5 Apr 2008 by Zoe Isaacs
Tags: My Experience with Orphans
A trip to Rwanda last April turned out to be a life changing experience for me. A journey through this beautiful, but often overlooked country is indeed humbling.
A trip to Rwanda last April turned out to be a life changing experience for me. A journey through this beautiful, but often overlooked country is indeed humbling. Driving or walking on a dusty red road past green hills of rich soil, men and women smile as they walk past, barefoot, carrying firewood, children, and rarely, food. These smiles can be deceiving, for just past them is despair.

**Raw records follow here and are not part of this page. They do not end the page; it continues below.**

lemma partial_transpose_scalar_diagonal_blocks:
  fixes Y Z :: "complex mat"
  assumes "m \<notin> S" and "Y \<in> carrier_mat (2 ^ m) (2 ^ m)" and "Z \<in> carrier_mat (2 ^ m) (2 ^ m)"
  obtains Y' Z' where "Y' \<in> carrier_mat (2 ^ m) (2 ^ m)" "Z' \<in> carrier_mat (2 ^ m) (2 ^ m)"
    "partial_transpose (Suc m) S (four_block_mat (c \<cdot>\<^sub>m 1\<^sub>m (2 ^ m)) Y Z (c \<cdot>\<^sub>m 1\<^sub>m (2 ^ m)))
      = four_block_mat (c \<cdot>\<^sub>m 1\<^sub>m (2 ^ m)) Y' Z' (c \<cdot>\<^sub>m 1\<^sub>m (2 ^ m))"
proof -
  let ?P = "partial_transpose (Suc m) S (four_block_mat (c \<cdot>\<^sub>m 1\<^sub>m (2 ^ m)) Y Z (c \<cdot>\<^sub>m 1\<^sub>m (2 ^ m)))"
  obtain A1 A2 A3 A4 where split: "split_block ?P (2 ^ m) (2 ^ m) = (A1, A2, A3, A4)"
    by (cases "split_block ?P (2 ^ m) (2 ^ m)") auto
  have dims: "dim_row ?P = 2 ^ m + 2 ^ m" "dim_col ?P = 2 ^ m + 2 ^ m"
    by (simp_all add: partial_transpose_def mult_2)
  note blocks = split_block[OF split dims]
  have P: "?P $$ (a, b) = (if a = b then c else 0)"
    if "a < 2 ^ Suc m" "b < 2 ^ Suc m" "a < 2 ^ m \<longleftrightarrow> b < 2 ^ m" for a b
    by (rule index_partial_transpose_diagonal_block[OF assms that])
  have "A1 = c \<cdot>\<^sub>m 1\<^sub>m (2 ^ m)"
  proof (rule eq_matI)
    fix i j assume "i < dim_row (c \<cdot>\<^sub>m 1\<^sub>m (2 ^ m))" "j < dim_col (c \<cdot>\<^sub>m 1\<^sub>m (2 ^ m))"
    then have ij: "i < 2 ^ m" "j < 2 ^ m"
      by auto
    with blocks have "A1 $$ (i, j) = ?P $$ (i, j)"
      by simp
    also have "\<dots> = (if i = j then c else 0)"
      using ij by (intro P) auto
    finally show "A1 $$ (i, j) = (c \<cdot>\<^sub>m 1\<^sub>m (2 ^ m)) $$ (i, j)"
      using ij by simp
  qed (use blocks in auto)
  moreover have "A4 = c \<cdot>\<^sub>m 1\<^sub>m (2 ^ m)"
  proof (rule eq_matI)
    fix i j assume "i < dim_row (c \<cdot>\<^sub>m 1\<^sub>m (2 ^ m))" "j < dim_col (c \<cdot>\<^sub>m 1\<^sub>m (2 ^ m))"
    then have ij: "i < 2 ^ m" "j < 2 ^ m"
      by auto
    with blocks have "A4 $$ (i, j) = ?P $$ (i + 2 ^ m, j + 2 ^ m)"
      by simp
    also have "\<dots> = (if i = j then c else 0)"
      using ij by (subst P) auto
    finally show "A4 $$ (i, j) = (c \<cdot>\<^sub>m 1\<^sub>m (2 ^ m)) $$ (i, j)"
      using ij by simp
  qed (use blocks in auto)
  ultimately show ?thesis
    using blocks that by blast
qed

section \<open>The one-clean-qubit state\<close>

lemma clean_state_four_block:
  "clean_state n U = four_block_mat ((1 / 2 ^ (n + 1)) \<cdot>\<^sub>m 1\<^sub>m (2 ^ n))
     ((1 / 2 ^ (n + 1)) \<cdot>\<^sub>m mat_adjoint U) ((1 / 2 ^ (n + 1)) \<cdot>\<^sub>m U) ((1 / 2 ^ (n + 1)) \<cdot>\<^sub>m 1\<^sub>m (2 ^ n))"
  if "U \<in> carrier_mat (2 ^ n) (2 ^ n)"
  unfolding clean_state_def
  by (rule smult_four_block_mat) (use that mat_adjoint_carrier[OF that] in auto)

lemma clean_state_carrier:
  "U \<in> carrier_mat (2 ^ n) (2 ^ n) \<Longrightarrow> clean_state n U \<in> carrier_mat (2 ^ Suc n) (2 ^ Suc n)"
  unfolding clean_state_def power_Suc mult_2 using mat_adjoint_carrier[of U] by simp

lemma hermitian_clean_state:
  assumes U: "U \<in> carrier_mat (2 ^ n) (2 ^ n)"
  shows "hermitian_mat (clean_state n U)"
proof -
  have C: "clean_state n U \<in> carrier_mat (2 ^ n + 2 ^ n) (2 ^ n + 2 ^ n)"
    unfolding clean_state_def using U mat_adjoint_carrier[OF U] by simp
  show ?thesis
    unfolding hermitian_mat_iff[OF C]
    using U mat_adjoint_carrier[OF U] by (auto simp: clean_state_def index_mat_adjoint)
qed

lemma mat_trace_square_clean_state:
  assumes "unitary_mat (2 ^ n) U"
  shows "mat_trace (clean_state n U * clean_state n U) = 2 / 2 ^ (n + 1)"
proof -
  let ?N = "2 ^ n :: nat" and ?c = "1 / 2 ^ (n + 1) :: complex"
  have U: "U \<in> carrier_mat ?N ?N" and UU: "mat_adjoint U * U = 1\<^sub>m ?N" "U * mat_adjoint U = 1\<^sub>m ?N"
    using assms unfolding unitary_mat_def by auto
  define F where "F = four_block_mat (1\<^sub>m ?N) (mat_adjoint U) U (1\<^sub>m ?N)"
  have F: "F \<in> carrier_mat (?N + ?N) (?N + ?N)"
    unfolding F_def using U mat_adjoint_carrier[OF U] by simp
  have "F * F = four_block_mat (1\<^sub>m ?N * 1\<^sub>m ?N + mat_adjoint U * U)
      (1\<^sub>m ?N * mat_adjoint U + mat_adjoint U * 1\<^sub>m ?N) (U * 1\<^sub>m ?N + 1\<^sub>m ?N * U)
      (U * mat_adjoint U + 1\<^sub>m ?N * 1\<^sub>m ?N)"
    unfolding F_def using U mat_adjoint_carrier[OF U] by (intro mult_four_block_mat) auto
  then have "mat_trace (F * F) = (\<Sum>i<?N + ?N. 2)"
    unfolding mat_trace_def using U mat_adjoint_carrier[OF U] F UU
    by (intro sum.cong) auto
  moreover have "clean_state n U * clean_state n U = ?c \<cdot>\<^sub>m (F * (?c \<cdot>\<^sub>m F))"
    unfolding clean_state_def F_def[symmetric]
    by (rule mult_smult_assoc_mat[OF F smult_carrier_mat[OF F]])
  moreover have "F * (?c \<cdot>\<^sub>m F) = ?c \<cdot>\<^sub>m (F * F)"
    by (rule mult_smult_distrib[OF F F])
  ultimately show ?thesis
    using F by (simp add: mat_trace_smult[of _ "?N + ?N"] power_add)
qed

lemma partial_transpose_clean_state_blocks:
  assumes U: "U \<in> carrier_mat (2 ^ n) (2 ^ n)" and "n \<notin> S"
  obtains Y Z where "Y \<in> carrier_mat (2 ^ n) (2 ^ n)" "Z \<in> carrier_mat (2 ^ n) (2 ^ n)"
    "partial_transpose (Suc n) S (clean_state n U)
      = four_block_mat (of_real (1 / 2 ^ (n + 1)) \<cdot>\<^sub>m 1\<^sub>m (2 ^ n)) Y Z (of_real (1 / 2 ^ (n + 1)) \<cdot>\<^sub>m 1\<^sub>m (2 ^ n))"
proof -
  have "(1 / 2 ^ (n + 1) :: complex) \<cdot>\<^sub>m mat_adjoint U \<in> carrier_mat (2 ^ n) (2 ^ n)"
    "(1 / 2 ^ (n + 1) :: complex) \<cdot>\<^sub>m U \<in> carrier_mat (2 ^ n) (2 ^ n)"
    using U mat_adjoint_carrier[OF U] by auto
  then obtain Y Z where YZ: "Y \<in> carrier_mat (2 ^ n) (2 ^ n)" "Z \<in> carrier_mat (2 ^ n) (2 ^ n)"
    and blocks: "partial_transpose (Suc n) S (clean_state n U)
      = four_block_mat ((1 / 2 ^ (n + 1)) \<cdot>\<^sub>m 1\<^sub>m (2 ^ n)) Y Z ((1 / 2 ^ (n + 1)) \<cdot>\<^sub>m 1\<^sub>m (2 ^ n))"
    unfolding clean_state_four_block[OF U] by (rule partial_transpose_scalar_diagonal_blocks[OF \<open>n \<notin> S\<close>])
  show ?thesis
    by (rule that[OF YZ]) (simp add: blocks)
qed

theorem theorem1:
  fixes n :: nat and U :: "complex mat" and S :: "nat set"
  assumes "n \<ge> 1"
    and "unitary_mat (2 ^ n) U"
    and "S \<subseteq> {..<n}"
  shows "multiplicative_negativity (partial_transpose (n + 1) S (clean_state n U)) \<le> 5 / 4"
proof -
  define c :: real where "c = 1 / 2 ^ (n + 1)"
  let ?\<rho> = "partial_transpose (Suc n) S (clean_state n U)"
  have U: "U \<in> carrier_mat (2 ^ n) (2 ^ n)"
    using assms(2) unfolding unitary_mat_def by blast
  have "n \<notin> S"
    using assms(3) by auto
  then obtain Y Z where YZ: "Y \<in> carrier_mat (2 ^ n) (2 ^ n)" "Z \<in> carrier_mat (2 ^ n) (2 ^ n)"
    and blocks: "?\<rho> = four_block_mat (of_real c \<cdot>\<^sub>m 1\<^sub>m (2 ^ n)) Y Z (of_real c \<cdot>\<^sub>m 1\<^sub>m (2 ^ n))"
    using partial_transpose_clean_state_blocks[OF U] unfolding c_def by blast
  have herm: "hermitian_mat ?\<rho>"
    using hermitian_partial_transpose[OF clean_state_carrier[OF U] hermitian_clean_state[OF U]] .
  have trace: "Re (mat_trace (?\<rho> * ?\<rho>)) = 2 * c"
    using mat_trace_square_partial_transpose[OF clean_state_carrier[OF U]]
      mat_trace_square_clean_state[OF assms(2)]
    by (simp add: c_def)
  have "c > 0"
    by (simp add: c_def)
  from multiplicative_negativity_block_bound[OF YZ this blocks herm]
  have "multiplicative_negativity ?\<rho>
      \<le> (real (2 ^ n) + real (2 ^ n)) * c + (2 * c - (real (2 ^ n) + real (2 ^ n)) * c\<^sup>2) / (4 * c)"
    unfolding trace by simp
  also have "\<dots> = 5 / 4"
    by (simp add: c_def field_simps power2_eq_square)
  finally show ?thesis
    by simp
qed

end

After meeting hundreds of children in a small town called Rwinkwavu, I was inspired. While their bellies were distended, and their clothes ragged, they had hope for a better future. Though orphaned by genocide ten years past, the children of Rwinkwavu find happiness once a day, at dusk, on dusty soccer field overridden with cattle. Just before sundown each day, when their work subsistence farming or mining is done, thousands of children crowd onto two soccer fields to play a game that has turned into more than just soccer. Once divided by race and tribe, these children see no difference in one another. Perhaps some have had more to eat than others, and perhaps one boy has a home, while his friend seeks shelter each night. Many of these children are orphaned by HIV/AIDS, and many of them have HIV/AIDS themselves. On the soccer field, these differences dissolve, and once a day, these children are just children.
What does this look like? An abandoned soccer field lies decaying as herds of cows roam aimlessly through it. Then, just before sunset, hundreds of children run to the field, stampeding down the dusty road, to do the one thing that they can look forward to each day, play soccer.
It is difficult to understand what it means to be homeless. Hunger is often an idea that is hard to grasp, and joy is a fundamental element that we Americans take for granted. In the most overcrowded nation in Africa, these ideas are not abstract, but instead are realities for the nearly 8.2 million inhabitants of Rwanda. Yet there exists possibility, even among shacks and shanties riddled with disease and starvation. We, as citizens of the western world, have the resources to help. We cannot afford to sit by and watch as problems of poverty and disease escalate. We must change our course. It is not an option; it is a necessity and an obligation.